## What you are asked to do
Instruction for the data below: set down exactly the lines from the line with "measure \<Rightarrow> bool list" to the line with "then (LINT l|F.", inclusive, and no others.

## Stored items
/---

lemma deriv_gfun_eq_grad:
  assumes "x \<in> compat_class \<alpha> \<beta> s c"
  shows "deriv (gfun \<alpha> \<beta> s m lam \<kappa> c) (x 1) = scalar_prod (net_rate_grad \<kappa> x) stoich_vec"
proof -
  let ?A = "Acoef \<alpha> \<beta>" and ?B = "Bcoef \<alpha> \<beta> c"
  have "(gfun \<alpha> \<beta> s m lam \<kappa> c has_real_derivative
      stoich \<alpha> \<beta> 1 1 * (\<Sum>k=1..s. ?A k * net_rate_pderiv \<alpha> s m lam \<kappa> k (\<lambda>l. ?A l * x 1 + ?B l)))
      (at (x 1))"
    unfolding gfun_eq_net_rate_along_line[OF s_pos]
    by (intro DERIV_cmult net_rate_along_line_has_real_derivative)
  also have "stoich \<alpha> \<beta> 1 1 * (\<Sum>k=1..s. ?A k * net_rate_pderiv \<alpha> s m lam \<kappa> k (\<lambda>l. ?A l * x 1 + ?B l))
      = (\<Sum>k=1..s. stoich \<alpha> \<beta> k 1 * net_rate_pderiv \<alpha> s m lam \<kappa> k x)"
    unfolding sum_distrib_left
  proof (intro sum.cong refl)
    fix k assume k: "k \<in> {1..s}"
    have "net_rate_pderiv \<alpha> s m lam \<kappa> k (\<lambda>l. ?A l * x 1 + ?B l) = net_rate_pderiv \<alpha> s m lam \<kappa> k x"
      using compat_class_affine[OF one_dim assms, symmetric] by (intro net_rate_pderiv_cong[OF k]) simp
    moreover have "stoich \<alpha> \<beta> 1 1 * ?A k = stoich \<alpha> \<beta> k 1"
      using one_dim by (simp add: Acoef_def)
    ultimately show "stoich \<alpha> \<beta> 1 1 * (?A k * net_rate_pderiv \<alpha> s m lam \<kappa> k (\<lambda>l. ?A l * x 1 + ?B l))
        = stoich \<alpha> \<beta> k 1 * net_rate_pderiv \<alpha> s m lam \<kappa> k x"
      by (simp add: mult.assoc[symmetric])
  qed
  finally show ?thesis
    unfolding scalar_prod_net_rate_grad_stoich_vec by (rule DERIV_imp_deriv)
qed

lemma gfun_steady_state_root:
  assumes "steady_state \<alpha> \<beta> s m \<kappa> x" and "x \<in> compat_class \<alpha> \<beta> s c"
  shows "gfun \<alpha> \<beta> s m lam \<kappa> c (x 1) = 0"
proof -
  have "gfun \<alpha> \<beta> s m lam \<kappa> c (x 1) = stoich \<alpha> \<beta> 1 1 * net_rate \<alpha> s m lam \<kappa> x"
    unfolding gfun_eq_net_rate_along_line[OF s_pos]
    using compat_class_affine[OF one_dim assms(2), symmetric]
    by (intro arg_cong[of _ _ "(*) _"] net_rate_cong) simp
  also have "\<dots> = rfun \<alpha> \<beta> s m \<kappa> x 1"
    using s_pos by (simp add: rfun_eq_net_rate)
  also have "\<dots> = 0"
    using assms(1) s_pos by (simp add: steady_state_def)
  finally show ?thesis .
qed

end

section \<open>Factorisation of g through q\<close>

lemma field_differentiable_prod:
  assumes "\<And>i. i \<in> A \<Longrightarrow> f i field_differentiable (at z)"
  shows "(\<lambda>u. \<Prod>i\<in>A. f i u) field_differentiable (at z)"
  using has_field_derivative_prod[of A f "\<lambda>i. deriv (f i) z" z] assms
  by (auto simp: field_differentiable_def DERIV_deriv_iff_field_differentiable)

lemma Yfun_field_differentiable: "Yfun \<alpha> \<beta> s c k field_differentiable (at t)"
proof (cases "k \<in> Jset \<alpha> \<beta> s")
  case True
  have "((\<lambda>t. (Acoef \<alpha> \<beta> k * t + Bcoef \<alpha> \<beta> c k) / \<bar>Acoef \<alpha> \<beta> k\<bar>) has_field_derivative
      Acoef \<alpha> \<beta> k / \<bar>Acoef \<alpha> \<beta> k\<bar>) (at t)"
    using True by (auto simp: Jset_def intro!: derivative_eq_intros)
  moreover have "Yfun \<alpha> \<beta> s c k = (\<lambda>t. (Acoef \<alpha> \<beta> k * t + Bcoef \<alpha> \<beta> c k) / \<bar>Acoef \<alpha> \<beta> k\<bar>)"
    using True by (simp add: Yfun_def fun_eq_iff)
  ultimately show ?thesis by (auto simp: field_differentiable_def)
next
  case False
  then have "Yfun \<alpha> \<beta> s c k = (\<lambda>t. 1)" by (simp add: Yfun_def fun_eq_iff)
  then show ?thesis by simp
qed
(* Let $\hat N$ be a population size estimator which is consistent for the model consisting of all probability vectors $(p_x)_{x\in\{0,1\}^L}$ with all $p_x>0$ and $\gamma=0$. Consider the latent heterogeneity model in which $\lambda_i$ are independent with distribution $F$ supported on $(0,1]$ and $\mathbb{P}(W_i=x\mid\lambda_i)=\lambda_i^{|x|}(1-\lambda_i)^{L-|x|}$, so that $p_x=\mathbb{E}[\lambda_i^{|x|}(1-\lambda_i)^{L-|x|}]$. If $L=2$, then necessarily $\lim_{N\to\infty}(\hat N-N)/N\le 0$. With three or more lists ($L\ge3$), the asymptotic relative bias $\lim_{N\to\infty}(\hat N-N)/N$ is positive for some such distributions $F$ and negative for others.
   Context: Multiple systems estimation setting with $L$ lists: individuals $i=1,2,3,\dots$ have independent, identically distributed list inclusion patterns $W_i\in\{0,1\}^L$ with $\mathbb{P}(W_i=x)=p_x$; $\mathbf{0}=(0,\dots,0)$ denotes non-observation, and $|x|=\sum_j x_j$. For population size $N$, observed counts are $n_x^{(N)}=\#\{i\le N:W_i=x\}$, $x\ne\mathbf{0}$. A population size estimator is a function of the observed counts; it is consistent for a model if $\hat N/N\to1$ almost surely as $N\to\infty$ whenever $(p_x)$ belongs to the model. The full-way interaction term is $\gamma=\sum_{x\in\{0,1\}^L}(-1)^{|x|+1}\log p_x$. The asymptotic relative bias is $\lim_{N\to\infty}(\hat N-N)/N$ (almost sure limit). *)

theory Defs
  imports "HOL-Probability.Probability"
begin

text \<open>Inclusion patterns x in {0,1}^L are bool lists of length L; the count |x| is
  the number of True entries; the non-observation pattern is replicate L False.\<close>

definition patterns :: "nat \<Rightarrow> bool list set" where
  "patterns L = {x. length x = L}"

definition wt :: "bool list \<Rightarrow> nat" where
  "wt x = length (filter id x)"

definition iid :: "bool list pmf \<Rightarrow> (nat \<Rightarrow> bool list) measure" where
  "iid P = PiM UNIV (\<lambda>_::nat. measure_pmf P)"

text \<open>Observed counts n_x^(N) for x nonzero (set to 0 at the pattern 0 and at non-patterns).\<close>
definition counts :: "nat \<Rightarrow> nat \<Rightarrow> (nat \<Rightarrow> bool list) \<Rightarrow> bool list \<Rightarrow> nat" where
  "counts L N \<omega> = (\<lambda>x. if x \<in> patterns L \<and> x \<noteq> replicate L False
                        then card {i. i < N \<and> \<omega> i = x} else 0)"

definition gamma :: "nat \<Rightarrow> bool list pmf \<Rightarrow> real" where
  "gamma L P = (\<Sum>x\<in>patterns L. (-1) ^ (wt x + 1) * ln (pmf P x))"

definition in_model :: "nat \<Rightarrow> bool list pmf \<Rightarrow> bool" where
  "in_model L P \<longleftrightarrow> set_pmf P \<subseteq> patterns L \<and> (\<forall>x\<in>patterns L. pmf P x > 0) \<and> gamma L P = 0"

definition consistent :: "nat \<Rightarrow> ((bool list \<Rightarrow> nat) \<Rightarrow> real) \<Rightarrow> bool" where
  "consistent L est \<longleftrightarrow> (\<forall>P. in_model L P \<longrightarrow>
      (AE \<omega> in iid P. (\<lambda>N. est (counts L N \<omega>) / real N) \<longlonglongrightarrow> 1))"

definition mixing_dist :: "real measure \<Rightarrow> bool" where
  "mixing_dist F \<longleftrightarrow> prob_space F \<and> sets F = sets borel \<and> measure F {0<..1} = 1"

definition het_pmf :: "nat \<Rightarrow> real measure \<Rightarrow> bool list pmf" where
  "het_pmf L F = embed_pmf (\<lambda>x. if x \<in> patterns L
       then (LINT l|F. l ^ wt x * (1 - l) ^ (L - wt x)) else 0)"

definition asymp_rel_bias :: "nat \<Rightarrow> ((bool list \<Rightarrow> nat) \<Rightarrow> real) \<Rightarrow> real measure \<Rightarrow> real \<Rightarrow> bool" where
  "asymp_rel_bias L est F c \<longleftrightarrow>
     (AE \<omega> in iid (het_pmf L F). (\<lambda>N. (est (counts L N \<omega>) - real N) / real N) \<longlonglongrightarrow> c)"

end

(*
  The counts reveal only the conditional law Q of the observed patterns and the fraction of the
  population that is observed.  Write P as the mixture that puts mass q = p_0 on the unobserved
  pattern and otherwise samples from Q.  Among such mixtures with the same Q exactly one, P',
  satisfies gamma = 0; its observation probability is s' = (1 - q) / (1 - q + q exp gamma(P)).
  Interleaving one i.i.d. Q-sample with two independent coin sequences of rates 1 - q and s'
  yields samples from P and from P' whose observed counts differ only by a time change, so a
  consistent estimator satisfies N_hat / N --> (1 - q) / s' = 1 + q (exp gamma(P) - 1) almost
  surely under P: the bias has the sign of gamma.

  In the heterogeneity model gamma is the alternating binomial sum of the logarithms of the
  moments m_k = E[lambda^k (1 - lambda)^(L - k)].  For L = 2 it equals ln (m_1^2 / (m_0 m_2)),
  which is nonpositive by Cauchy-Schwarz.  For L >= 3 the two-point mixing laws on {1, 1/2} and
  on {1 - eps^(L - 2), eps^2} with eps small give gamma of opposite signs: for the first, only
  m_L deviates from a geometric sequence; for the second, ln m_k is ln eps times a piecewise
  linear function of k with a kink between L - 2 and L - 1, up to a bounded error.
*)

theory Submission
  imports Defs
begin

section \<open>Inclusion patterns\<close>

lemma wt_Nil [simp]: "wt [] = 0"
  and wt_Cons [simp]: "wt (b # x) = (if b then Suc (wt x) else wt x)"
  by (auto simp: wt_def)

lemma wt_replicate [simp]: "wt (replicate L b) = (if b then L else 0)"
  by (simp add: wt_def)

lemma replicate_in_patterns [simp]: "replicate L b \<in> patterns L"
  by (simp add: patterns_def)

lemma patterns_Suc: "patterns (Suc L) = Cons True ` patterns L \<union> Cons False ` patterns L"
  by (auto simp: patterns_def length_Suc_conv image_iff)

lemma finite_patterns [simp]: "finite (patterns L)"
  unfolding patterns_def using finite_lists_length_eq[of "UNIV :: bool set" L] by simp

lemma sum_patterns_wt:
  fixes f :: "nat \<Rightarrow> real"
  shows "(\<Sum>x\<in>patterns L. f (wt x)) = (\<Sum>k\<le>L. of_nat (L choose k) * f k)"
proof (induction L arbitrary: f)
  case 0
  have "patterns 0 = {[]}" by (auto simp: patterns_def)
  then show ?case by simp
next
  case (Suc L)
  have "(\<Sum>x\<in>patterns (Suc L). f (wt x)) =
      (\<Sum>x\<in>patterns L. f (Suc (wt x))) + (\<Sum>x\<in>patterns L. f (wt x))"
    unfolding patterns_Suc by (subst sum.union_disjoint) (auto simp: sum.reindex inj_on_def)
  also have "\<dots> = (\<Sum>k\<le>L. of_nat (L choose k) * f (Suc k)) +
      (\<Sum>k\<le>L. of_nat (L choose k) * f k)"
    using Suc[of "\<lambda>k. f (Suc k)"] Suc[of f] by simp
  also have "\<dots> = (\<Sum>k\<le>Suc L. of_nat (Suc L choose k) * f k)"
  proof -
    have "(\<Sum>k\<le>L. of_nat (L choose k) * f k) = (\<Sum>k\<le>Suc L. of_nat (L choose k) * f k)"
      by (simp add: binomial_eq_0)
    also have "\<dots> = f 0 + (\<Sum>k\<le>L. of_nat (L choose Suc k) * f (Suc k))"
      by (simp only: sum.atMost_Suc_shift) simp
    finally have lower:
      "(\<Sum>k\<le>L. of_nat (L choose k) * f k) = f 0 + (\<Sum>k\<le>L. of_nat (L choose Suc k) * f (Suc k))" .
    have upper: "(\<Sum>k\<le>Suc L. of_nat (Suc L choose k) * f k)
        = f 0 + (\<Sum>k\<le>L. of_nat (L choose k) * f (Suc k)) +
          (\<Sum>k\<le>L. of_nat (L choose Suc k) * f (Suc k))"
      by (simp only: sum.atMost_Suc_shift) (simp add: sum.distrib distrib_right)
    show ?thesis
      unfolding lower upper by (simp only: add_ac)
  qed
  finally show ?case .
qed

\---
/---

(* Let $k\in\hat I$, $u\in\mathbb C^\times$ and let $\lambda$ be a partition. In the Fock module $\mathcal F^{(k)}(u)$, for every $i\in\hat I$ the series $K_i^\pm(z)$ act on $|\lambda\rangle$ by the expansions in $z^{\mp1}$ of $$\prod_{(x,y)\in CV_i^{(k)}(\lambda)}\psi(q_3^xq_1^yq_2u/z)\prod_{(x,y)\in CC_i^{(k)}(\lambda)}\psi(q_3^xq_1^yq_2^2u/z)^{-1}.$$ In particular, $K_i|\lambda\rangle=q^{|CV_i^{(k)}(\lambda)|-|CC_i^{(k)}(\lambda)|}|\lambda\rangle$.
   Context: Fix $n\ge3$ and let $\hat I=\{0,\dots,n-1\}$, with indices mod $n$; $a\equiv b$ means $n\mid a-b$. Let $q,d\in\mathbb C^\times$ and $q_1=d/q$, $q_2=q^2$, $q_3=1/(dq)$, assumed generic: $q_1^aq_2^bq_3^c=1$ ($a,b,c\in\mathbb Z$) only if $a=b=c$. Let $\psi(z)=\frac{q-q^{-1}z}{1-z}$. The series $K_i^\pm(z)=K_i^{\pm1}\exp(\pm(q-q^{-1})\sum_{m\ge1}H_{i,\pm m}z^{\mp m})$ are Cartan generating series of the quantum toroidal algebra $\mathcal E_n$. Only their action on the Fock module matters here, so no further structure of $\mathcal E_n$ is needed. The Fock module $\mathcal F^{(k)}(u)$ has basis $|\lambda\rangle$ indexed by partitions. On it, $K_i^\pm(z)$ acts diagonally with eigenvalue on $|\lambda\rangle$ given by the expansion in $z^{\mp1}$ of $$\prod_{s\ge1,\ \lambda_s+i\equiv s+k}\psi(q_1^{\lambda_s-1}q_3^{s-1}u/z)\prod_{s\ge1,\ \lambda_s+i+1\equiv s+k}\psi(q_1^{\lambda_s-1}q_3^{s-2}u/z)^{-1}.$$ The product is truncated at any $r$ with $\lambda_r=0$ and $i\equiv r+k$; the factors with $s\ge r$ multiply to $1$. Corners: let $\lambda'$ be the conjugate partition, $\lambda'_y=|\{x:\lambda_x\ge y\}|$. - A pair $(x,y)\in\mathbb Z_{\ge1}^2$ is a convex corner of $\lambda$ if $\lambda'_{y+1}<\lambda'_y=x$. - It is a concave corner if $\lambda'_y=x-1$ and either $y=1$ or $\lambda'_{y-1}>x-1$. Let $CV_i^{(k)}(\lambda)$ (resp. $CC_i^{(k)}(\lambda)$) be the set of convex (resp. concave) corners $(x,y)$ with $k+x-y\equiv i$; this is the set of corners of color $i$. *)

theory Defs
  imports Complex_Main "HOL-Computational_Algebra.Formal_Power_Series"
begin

\---

## Task output
definition het_pmf :: "nat \<Rightarrow> real measure \<Rightarrow> bool list pmf" where
  "het_pmf L F = embed_pmf (\<lambda>x. if x \<in> patterns L
       then (LINT l|F. l ^ wt x * (1 - l) ^ (L - wt x)) else 0)"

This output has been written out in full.